Task directions: Locate the line that contains "strictly increases from" in the entries below, then repeat it and every following line through the line that contains "of this kind", exactly, and no others.

Collected data entries:
=====
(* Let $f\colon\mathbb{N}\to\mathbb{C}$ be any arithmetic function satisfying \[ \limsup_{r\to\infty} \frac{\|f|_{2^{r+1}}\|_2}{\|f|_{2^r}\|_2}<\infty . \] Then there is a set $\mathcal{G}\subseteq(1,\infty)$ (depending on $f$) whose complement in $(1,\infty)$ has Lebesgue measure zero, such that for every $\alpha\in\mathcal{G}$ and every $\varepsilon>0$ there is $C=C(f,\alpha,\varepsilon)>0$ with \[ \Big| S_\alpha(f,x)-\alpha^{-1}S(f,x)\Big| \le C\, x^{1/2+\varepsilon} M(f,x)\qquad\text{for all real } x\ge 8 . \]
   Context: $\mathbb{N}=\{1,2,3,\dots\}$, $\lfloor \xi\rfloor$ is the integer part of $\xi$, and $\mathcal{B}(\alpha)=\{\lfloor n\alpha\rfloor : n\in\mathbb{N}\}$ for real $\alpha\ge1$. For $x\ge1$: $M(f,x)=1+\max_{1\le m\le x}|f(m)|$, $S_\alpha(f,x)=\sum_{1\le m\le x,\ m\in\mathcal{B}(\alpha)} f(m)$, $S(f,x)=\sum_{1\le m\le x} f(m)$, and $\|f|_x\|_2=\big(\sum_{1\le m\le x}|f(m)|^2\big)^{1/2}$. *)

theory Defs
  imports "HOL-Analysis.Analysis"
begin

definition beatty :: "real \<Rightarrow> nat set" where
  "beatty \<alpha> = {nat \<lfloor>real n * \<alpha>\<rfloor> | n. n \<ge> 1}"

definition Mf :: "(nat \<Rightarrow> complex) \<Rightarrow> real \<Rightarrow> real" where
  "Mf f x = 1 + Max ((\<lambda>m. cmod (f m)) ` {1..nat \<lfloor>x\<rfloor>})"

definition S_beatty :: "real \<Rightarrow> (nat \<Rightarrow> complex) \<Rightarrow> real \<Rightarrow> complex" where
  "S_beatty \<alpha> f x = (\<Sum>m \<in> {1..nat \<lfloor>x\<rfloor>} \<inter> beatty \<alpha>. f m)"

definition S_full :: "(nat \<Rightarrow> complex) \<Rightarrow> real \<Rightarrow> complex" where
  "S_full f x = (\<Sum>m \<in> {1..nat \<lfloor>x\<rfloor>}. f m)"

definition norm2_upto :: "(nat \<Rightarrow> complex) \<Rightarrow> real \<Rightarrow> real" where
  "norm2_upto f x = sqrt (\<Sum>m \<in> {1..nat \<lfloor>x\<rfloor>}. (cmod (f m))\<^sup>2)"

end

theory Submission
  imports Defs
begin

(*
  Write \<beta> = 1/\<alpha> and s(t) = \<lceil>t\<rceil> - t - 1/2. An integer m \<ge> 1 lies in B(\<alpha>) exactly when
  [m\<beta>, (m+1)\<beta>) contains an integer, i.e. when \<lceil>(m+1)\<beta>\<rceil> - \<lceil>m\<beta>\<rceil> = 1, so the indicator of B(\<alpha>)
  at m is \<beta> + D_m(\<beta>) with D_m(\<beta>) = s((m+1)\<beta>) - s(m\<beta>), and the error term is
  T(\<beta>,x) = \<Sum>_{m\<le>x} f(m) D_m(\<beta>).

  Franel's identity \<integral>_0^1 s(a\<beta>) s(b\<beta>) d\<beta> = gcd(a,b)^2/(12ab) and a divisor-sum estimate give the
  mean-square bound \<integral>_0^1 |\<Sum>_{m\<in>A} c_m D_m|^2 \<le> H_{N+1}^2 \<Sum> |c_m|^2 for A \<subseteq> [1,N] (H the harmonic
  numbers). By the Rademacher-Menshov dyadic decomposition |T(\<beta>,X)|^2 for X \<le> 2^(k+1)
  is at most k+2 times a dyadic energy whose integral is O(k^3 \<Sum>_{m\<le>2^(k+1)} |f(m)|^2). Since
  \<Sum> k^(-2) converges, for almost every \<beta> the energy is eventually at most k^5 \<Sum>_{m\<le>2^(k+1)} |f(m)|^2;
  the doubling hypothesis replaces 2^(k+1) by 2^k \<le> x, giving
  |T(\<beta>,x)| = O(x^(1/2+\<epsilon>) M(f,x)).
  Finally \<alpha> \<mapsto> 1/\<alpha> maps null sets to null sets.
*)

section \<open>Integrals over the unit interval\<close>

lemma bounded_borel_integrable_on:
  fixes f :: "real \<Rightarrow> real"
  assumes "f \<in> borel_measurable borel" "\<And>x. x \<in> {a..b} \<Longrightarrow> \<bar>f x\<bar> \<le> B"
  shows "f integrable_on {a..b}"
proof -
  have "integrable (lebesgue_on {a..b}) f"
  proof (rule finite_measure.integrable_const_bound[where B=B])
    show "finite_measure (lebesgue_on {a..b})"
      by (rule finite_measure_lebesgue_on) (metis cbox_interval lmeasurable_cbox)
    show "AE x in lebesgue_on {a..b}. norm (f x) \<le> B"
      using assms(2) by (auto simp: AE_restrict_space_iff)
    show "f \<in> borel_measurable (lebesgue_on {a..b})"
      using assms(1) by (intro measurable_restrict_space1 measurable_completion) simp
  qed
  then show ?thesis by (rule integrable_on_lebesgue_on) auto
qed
=====
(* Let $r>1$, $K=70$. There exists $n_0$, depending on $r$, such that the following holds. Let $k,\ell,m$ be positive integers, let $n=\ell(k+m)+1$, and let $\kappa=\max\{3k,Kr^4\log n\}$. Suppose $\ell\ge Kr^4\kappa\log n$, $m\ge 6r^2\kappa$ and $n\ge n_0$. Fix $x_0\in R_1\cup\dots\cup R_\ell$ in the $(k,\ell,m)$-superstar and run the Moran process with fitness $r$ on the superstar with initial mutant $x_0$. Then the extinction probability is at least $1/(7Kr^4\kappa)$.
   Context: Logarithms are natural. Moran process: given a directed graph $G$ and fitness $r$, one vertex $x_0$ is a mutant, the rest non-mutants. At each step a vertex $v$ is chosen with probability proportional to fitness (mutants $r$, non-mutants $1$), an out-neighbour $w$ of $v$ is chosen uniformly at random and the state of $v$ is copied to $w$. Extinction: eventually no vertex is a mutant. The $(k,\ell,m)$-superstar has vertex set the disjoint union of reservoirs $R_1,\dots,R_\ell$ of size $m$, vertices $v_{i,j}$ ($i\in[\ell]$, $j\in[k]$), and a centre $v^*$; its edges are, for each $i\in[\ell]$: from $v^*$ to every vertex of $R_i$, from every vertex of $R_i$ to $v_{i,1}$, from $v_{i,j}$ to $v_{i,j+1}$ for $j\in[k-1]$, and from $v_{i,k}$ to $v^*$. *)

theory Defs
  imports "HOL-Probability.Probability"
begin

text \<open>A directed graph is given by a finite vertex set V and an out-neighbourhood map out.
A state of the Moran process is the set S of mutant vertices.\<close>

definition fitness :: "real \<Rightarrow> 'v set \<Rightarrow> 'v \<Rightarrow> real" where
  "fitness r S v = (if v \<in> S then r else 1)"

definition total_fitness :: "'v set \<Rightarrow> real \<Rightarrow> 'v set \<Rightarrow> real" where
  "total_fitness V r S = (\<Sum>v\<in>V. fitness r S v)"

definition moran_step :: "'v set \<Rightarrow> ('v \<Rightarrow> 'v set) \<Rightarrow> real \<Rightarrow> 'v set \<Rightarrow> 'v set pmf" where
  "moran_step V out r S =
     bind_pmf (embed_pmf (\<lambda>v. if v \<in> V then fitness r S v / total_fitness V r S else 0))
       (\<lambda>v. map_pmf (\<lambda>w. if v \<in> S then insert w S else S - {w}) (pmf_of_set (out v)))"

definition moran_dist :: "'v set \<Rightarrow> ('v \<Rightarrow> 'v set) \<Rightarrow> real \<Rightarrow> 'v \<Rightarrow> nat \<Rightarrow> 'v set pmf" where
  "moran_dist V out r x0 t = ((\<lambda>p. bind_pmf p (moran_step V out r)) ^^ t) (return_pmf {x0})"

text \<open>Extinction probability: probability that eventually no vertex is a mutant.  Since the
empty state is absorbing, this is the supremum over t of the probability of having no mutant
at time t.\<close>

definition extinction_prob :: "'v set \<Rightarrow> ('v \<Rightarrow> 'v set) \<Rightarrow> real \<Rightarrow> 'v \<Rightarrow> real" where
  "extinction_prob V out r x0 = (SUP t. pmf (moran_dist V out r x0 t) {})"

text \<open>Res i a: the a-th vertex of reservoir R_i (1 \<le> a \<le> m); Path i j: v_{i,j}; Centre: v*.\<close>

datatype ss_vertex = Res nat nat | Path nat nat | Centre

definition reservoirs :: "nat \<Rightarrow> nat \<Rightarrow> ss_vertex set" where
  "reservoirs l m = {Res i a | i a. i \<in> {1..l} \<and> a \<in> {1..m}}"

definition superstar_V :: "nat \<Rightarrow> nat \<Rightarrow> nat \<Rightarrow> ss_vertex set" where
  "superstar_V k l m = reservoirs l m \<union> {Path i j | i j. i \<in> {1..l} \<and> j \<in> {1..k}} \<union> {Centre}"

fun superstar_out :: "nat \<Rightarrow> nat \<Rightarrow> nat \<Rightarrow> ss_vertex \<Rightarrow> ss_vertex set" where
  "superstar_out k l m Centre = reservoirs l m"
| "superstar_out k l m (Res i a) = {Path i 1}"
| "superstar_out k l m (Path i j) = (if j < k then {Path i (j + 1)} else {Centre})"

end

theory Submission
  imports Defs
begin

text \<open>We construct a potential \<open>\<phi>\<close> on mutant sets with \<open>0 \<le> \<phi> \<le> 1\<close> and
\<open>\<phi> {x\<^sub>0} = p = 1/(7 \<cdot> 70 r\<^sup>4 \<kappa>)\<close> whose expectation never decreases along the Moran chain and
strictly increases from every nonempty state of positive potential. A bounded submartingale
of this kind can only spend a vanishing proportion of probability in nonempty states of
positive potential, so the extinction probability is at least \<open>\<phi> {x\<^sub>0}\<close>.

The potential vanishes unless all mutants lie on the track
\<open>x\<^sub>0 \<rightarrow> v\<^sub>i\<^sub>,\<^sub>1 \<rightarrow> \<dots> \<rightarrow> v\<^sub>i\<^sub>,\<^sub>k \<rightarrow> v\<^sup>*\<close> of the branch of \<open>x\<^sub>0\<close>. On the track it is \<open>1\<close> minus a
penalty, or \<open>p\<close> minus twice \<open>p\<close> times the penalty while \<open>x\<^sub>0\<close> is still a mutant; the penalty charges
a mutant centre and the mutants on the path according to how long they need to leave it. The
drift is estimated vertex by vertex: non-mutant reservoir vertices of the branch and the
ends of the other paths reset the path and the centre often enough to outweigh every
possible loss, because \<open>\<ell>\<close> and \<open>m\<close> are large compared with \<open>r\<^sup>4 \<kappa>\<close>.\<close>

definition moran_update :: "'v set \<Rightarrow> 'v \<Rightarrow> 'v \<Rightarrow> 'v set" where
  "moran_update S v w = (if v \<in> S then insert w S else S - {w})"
=====
Solved exercise:
strictly increases from every nonempty state of positive potential. A bounded submartingale
of this kind can only spend a vanishing proportion of probability in nonempty states of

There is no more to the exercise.